YOUR ASSIGNMENT: Answer with the exact lines of the following material from the one containing "(* Let $X,Y,Z,W$" through the one containing "(\<lambda>(s, t). F s t)", both end lines included.

RECORD SET:
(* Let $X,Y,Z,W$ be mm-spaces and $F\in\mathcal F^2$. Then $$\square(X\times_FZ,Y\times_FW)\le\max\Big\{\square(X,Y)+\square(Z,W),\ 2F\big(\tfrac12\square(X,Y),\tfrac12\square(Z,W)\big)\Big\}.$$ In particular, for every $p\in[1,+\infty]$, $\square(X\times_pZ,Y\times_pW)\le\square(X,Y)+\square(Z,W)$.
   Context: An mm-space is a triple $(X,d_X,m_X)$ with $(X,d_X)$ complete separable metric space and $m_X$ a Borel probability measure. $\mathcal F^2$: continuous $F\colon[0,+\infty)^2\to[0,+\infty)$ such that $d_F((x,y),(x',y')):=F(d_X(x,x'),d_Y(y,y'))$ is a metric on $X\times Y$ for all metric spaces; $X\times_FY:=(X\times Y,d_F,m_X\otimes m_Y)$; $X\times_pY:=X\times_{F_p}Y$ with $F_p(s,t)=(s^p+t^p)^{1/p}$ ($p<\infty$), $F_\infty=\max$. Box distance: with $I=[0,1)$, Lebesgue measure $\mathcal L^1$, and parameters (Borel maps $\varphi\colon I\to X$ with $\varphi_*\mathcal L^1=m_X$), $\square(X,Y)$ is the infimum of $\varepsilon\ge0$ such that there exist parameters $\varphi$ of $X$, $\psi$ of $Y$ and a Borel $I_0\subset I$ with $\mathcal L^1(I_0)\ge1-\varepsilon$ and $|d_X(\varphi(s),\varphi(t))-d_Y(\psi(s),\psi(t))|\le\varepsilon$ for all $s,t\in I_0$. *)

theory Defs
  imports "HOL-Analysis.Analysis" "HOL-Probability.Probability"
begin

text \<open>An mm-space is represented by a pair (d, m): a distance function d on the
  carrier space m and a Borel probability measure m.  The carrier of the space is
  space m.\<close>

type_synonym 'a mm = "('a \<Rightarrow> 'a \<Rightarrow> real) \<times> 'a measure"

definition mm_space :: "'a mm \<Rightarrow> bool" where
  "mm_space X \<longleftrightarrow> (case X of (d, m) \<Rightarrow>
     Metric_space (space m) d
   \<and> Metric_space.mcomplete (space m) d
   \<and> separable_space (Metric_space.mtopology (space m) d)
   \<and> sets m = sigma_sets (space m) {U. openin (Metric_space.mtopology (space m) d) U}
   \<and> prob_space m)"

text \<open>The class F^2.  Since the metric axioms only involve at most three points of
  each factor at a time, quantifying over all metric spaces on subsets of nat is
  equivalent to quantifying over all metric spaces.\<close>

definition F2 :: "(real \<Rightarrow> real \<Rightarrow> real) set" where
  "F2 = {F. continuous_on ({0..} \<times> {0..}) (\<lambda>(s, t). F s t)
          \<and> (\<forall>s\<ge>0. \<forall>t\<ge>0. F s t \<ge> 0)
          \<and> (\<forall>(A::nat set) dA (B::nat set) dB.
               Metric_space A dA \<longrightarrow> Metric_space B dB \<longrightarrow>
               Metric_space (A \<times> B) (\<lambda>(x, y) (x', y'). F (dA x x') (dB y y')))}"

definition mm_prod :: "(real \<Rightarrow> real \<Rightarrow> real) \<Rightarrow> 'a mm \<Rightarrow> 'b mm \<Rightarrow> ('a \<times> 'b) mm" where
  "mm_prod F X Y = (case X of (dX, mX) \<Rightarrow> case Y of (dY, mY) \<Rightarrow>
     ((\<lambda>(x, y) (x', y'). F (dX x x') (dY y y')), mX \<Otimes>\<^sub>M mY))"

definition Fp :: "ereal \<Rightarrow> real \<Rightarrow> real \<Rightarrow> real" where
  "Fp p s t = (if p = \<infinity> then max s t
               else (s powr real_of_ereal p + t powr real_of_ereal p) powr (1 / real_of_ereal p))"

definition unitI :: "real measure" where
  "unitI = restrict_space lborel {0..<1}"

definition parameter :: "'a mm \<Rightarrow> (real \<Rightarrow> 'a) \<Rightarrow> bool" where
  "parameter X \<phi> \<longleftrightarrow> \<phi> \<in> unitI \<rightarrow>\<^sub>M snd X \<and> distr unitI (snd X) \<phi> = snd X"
...
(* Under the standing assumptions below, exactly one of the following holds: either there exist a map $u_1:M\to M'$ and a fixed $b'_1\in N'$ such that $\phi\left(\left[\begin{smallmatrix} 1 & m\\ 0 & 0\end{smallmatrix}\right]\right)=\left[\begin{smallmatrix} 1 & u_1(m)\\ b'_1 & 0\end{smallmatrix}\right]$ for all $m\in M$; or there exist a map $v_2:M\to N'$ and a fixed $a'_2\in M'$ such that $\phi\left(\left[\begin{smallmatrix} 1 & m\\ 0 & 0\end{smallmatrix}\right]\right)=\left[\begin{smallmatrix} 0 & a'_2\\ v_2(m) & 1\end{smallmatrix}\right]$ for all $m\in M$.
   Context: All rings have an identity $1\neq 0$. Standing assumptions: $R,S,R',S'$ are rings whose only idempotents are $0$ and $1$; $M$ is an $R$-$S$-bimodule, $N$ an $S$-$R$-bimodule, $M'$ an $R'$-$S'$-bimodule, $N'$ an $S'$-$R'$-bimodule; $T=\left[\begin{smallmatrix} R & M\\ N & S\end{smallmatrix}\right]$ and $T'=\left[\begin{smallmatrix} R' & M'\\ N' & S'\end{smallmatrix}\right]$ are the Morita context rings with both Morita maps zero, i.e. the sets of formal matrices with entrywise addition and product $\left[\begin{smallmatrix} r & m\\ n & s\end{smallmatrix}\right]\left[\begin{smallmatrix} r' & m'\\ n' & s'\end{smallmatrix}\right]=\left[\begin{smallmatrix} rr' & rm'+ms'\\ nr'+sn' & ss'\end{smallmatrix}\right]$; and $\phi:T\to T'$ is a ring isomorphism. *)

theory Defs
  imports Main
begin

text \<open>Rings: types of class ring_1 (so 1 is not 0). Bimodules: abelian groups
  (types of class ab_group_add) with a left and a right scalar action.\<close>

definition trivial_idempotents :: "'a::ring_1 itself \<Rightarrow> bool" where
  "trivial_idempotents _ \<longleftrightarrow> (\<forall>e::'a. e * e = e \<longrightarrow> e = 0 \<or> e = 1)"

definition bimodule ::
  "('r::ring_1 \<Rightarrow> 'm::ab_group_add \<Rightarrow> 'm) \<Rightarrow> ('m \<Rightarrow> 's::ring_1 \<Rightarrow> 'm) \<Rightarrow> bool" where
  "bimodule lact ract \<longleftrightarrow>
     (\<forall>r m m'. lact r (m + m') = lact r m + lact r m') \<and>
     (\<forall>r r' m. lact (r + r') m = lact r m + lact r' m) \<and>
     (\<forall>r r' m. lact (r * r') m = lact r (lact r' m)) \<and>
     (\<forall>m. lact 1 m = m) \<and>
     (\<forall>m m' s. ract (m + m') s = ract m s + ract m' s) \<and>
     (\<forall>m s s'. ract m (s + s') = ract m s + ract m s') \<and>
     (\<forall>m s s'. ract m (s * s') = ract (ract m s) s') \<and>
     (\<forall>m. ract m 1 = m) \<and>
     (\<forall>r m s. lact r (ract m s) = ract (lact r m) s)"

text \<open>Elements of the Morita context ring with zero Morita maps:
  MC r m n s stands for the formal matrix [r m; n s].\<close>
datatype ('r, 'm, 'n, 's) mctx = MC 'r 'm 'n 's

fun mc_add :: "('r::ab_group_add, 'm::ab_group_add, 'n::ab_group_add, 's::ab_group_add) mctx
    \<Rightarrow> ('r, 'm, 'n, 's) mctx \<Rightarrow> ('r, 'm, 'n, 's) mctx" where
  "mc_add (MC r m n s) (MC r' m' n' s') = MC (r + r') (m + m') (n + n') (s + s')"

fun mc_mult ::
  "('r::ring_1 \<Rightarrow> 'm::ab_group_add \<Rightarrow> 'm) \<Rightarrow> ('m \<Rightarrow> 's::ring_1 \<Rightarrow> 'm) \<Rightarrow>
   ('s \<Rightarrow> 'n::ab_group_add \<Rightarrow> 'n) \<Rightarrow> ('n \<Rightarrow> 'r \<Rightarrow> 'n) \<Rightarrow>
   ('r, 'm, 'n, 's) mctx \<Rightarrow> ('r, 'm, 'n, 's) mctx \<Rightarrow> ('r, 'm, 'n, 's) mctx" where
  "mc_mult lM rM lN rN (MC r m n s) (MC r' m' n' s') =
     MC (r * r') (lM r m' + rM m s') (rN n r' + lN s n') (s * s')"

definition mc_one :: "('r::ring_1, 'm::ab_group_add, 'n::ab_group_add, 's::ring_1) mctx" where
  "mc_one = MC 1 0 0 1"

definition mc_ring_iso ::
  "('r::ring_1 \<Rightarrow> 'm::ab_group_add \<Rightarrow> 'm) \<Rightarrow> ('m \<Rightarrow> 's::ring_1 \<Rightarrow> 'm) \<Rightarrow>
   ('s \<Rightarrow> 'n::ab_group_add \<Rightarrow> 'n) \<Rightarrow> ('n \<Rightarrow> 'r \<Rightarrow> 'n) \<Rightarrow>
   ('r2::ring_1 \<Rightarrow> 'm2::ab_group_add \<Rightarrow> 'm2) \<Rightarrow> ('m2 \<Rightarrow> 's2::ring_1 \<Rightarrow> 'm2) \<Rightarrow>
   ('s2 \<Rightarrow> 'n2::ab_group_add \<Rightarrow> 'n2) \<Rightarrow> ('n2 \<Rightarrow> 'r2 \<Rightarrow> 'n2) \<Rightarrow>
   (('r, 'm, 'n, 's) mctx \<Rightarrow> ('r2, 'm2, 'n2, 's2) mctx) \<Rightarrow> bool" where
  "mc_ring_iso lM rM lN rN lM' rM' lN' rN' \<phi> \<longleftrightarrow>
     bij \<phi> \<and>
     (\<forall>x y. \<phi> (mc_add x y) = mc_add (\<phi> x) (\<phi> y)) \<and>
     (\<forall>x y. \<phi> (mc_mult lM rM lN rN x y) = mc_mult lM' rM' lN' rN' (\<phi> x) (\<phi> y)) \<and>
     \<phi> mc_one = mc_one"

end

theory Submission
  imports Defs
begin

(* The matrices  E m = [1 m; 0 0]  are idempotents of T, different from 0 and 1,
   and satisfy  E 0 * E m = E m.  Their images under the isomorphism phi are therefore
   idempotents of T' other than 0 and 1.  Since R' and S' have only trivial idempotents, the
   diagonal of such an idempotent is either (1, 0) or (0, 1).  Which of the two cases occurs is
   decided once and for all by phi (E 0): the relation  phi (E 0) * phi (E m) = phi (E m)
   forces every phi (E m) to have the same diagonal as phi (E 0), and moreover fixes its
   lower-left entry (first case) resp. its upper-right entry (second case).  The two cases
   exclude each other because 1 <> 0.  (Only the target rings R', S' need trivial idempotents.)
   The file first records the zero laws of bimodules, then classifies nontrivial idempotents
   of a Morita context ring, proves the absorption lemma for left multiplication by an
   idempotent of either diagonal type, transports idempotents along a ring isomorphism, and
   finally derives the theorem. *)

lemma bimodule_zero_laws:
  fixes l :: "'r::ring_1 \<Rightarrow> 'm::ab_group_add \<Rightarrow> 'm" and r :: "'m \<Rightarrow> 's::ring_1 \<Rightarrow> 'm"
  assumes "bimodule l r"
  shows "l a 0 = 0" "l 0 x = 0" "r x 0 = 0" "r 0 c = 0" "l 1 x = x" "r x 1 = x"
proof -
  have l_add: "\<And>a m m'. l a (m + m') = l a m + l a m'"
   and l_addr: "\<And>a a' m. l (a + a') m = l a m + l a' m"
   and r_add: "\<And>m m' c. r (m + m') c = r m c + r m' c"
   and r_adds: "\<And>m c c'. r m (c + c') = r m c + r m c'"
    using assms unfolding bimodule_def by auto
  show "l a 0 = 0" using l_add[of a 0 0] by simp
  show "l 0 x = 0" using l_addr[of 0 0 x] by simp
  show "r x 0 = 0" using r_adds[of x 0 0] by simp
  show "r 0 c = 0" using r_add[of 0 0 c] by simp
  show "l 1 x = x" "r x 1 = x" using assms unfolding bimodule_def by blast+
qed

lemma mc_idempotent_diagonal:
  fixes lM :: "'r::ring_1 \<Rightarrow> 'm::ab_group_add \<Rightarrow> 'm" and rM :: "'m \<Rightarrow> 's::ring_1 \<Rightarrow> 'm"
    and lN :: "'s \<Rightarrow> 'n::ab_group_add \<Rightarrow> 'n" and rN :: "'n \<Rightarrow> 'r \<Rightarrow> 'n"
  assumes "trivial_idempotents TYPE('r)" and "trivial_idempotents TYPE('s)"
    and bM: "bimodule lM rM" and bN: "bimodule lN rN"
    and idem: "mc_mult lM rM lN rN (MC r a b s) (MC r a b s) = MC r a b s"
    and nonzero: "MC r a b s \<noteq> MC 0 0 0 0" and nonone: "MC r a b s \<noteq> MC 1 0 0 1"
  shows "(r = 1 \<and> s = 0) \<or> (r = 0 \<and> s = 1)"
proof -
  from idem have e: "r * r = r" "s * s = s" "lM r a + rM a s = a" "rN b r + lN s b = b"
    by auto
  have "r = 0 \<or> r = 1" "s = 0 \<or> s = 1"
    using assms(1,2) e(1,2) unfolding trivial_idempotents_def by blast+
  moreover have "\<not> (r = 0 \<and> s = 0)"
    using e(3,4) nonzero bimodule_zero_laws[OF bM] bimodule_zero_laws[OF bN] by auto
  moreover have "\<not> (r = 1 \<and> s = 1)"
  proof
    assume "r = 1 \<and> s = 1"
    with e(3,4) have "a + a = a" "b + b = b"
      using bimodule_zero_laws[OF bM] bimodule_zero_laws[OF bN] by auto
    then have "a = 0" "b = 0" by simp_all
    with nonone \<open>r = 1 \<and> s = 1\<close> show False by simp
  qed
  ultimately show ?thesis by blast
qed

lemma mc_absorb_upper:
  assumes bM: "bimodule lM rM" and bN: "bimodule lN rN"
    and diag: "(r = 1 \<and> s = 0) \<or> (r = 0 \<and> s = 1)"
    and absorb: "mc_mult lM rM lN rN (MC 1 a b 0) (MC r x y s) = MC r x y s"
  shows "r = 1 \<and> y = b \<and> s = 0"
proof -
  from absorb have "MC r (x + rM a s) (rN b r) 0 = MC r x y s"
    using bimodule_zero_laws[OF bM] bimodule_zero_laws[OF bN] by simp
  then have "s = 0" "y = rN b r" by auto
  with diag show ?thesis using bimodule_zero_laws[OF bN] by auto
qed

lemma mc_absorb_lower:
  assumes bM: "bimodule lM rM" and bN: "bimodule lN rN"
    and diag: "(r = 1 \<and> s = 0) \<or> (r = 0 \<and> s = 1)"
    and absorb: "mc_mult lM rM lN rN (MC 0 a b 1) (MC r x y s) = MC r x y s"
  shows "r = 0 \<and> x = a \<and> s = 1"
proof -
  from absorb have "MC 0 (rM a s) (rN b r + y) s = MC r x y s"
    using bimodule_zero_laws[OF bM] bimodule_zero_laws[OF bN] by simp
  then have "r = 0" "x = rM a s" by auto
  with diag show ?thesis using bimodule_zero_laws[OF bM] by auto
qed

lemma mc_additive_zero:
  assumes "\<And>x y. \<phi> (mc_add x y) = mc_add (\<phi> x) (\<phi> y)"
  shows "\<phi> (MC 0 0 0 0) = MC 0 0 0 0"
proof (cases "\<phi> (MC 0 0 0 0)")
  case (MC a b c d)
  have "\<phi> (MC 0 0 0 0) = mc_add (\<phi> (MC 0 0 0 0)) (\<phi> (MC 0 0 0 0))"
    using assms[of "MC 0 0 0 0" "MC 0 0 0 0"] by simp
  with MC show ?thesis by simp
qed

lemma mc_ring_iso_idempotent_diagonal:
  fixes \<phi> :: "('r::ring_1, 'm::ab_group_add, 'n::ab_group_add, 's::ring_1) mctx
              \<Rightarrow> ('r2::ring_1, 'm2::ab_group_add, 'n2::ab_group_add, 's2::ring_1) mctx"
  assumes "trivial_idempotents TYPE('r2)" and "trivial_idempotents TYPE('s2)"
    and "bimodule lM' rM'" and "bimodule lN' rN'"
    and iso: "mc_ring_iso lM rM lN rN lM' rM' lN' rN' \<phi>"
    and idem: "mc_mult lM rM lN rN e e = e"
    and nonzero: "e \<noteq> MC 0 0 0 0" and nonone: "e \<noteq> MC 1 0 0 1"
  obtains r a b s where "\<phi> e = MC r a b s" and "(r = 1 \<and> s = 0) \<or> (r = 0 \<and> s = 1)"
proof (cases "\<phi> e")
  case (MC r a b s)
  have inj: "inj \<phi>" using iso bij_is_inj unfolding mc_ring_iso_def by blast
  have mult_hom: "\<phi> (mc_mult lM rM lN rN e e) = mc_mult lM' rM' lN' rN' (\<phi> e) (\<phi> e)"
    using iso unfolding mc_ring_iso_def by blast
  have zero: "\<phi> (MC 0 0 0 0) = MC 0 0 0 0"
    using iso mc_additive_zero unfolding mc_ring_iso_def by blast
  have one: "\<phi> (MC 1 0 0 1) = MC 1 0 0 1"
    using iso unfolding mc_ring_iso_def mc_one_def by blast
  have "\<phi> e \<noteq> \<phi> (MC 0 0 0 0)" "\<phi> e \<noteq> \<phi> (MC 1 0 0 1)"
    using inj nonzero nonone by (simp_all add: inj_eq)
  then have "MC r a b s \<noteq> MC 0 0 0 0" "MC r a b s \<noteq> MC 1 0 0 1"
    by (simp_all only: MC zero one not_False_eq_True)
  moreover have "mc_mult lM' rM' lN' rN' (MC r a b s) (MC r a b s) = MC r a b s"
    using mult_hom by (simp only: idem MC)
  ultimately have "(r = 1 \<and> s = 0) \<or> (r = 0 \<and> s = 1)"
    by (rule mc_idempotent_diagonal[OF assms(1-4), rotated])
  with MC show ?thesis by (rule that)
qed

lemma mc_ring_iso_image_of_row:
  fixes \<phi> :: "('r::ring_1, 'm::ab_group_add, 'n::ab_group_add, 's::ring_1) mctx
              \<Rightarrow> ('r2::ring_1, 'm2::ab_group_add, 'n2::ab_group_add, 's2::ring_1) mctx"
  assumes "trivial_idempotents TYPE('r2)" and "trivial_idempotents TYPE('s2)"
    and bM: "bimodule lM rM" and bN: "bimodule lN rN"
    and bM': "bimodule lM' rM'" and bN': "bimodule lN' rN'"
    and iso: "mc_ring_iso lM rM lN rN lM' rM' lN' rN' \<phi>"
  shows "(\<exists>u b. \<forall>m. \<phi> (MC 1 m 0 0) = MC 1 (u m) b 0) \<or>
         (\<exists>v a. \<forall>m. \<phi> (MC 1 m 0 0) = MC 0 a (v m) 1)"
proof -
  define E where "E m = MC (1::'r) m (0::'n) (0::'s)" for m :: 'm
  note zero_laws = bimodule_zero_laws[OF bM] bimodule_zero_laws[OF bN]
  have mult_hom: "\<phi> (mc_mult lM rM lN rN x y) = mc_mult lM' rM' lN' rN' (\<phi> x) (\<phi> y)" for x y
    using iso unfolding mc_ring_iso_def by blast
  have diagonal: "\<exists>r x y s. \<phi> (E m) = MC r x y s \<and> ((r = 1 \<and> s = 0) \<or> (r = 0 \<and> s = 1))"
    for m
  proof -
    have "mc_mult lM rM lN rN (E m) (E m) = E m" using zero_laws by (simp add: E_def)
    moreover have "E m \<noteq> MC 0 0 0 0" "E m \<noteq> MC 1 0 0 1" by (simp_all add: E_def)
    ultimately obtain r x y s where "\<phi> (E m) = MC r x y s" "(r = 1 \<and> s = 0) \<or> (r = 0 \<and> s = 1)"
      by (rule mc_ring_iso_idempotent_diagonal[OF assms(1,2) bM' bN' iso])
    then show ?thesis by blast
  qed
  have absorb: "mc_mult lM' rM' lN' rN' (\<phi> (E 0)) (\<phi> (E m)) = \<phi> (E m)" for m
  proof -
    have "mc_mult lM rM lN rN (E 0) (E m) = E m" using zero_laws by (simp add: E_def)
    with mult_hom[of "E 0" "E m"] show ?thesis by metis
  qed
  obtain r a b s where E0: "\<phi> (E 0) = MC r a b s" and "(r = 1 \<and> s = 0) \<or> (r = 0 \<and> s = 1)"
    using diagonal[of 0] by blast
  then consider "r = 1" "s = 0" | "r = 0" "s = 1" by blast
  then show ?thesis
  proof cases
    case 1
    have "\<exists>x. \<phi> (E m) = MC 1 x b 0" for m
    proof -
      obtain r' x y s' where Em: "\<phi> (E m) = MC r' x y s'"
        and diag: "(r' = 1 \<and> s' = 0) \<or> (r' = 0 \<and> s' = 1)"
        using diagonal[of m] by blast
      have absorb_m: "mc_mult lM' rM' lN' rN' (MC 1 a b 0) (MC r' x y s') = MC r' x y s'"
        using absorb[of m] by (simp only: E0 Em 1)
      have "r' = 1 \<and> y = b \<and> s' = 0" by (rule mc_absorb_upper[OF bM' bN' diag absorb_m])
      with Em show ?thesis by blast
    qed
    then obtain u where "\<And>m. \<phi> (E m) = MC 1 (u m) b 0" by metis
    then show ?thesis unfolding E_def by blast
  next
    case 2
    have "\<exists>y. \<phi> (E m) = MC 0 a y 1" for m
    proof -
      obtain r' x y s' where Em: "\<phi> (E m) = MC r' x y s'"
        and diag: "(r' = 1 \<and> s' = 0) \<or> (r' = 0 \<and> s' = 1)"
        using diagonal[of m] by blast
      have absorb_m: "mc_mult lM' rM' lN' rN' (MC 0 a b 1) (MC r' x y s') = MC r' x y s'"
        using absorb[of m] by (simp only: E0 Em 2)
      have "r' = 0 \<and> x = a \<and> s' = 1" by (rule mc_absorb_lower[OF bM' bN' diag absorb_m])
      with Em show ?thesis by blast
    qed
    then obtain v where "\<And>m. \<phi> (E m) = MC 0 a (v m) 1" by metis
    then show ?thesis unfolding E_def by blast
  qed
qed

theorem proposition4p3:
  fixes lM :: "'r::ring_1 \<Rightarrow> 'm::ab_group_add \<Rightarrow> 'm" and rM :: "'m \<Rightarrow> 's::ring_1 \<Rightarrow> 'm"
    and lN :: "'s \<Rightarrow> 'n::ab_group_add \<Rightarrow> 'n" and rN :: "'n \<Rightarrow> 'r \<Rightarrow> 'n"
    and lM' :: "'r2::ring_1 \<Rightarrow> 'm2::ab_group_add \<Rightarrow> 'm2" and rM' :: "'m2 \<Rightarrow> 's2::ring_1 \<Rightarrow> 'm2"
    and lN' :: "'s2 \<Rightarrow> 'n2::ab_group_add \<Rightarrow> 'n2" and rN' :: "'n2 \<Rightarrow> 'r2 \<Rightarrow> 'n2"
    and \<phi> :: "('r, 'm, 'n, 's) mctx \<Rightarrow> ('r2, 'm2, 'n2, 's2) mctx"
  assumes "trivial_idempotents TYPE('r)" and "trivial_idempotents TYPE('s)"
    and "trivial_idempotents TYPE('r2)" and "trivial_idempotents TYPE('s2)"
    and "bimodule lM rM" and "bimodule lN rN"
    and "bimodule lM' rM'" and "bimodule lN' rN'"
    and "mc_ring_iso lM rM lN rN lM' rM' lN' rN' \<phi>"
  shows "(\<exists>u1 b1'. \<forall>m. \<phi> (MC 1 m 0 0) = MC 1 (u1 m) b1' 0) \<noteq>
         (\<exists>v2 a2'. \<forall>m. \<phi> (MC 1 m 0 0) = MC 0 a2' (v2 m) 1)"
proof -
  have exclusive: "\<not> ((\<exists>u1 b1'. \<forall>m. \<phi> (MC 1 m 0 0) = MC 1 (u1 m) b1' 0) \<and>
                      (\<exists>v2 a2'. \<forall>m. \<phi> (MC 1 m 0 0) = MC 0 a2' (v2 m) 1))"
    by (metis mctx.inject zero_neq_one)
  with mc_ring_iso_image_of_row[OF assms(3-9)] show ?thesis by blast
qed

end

RESULT OF THIS TASK:
(* Let $X,Y,Z,W$ be mm-spaces and $F\in\mathcal F^2$. Then $$\square(X\times_FZ,Y\times_FW)\le\max\Big\{\square(X,Y)+\square(Z,W),\ 2F\big(\tfrac12\square(X,Y),\tfrac12\square(Z,W)\big)\Big\}.$$ In particular, for every $p\in[1,+\infty]$, $\square(X\times_pZ,Y\times_pW)\le\square(X,Y)+\square(Z,W)$.
   Context: An mm-space is a triple $(X,d_X,m_X)$ with $(X,d_X)$ complete separable metric space and $m_X$ a Borel probability measure. $\mathcal F^2$: continuous $F\colon[0,+\infty)^2\to[0,+\infty)$ such that $d_F((x,y),(x',y')):=F(d_X(x,x'),d_Y(y,y'))$ is a metric on $X\times Y$ for all metric spaces; $X\times_FY:=(X\times Y,d_F,m_X\otimes m_Y)$; $X\times_pY:=X\times_{F_p}Y$ with $F_p(s,t)=(s^p+t^p)^{1/p}$ ($p<\infty$), $F_\infty=\max$. Box distance: with $I=[0,1)$, Lebesgue measure $\mathcal L^1$, and parameters (Borel maps $\varphi\colon I\to X$ with $\varphi_*\mathcal L^1=m_X$), $\square(X,Y)$ is the infimum of $\varepsilon\ge0$ such that there exist parameters $\varphi$ of $X$, $\psi$ of $Y$ and a Borel $I_0\subset I$ with $\mathcal L^1(I_0)\ge1-\varepsilon$ and $|d_X(\varphi(s),\varphi(t))-d_Y(\psi(s),\psi(t))|\le\varepsilon$ for all $s,t\in I_0$. *)

theory Defs
  imports "HOL-Analysis.Analysis" "HOL-Probability.Probability"
begin

text \<open>An mm-space is represented by a pair (d, m): a distance function d on the
  carrier space m and a Borel probability measure m.  The carrier of the space is
  space m.\<close>

type_synonym 'a mm = "('a \<Rightarrow> 'a \<Rightarrow> real) \<times> 'a measure"

definition mm_space :: "'a mm \<Rightarrow> bool" where
  "mm_space X \<longleftrightarrow> (case X of (d, m) \<Rightarrow>
     Metric_space (space m) d
   \<and> Metric_space.mcomplete (space m) d
   \<and> separable_space (Metric_space.mtopology (space m) d)
   \<and> sets m = sigma_sets (space m) {U. openin (Metric_space.mtopology (space m) d) U}
   \<and> prob_space m)"

text \<open>The class F^2.  Since the metric axioms only involve at most three points of
  each factor at a time, quantifying over all metric spaces on subsets of nat is
  equivalent to quantifying over all metric spaces.\<close>

definition F2 :: "(real \<Rightarrow> real \<Rightarrow> real) set" where
  "F2 = {F. continuous_on ({0..} \<times> {0..}) (\<lambda>(s, t). F s t)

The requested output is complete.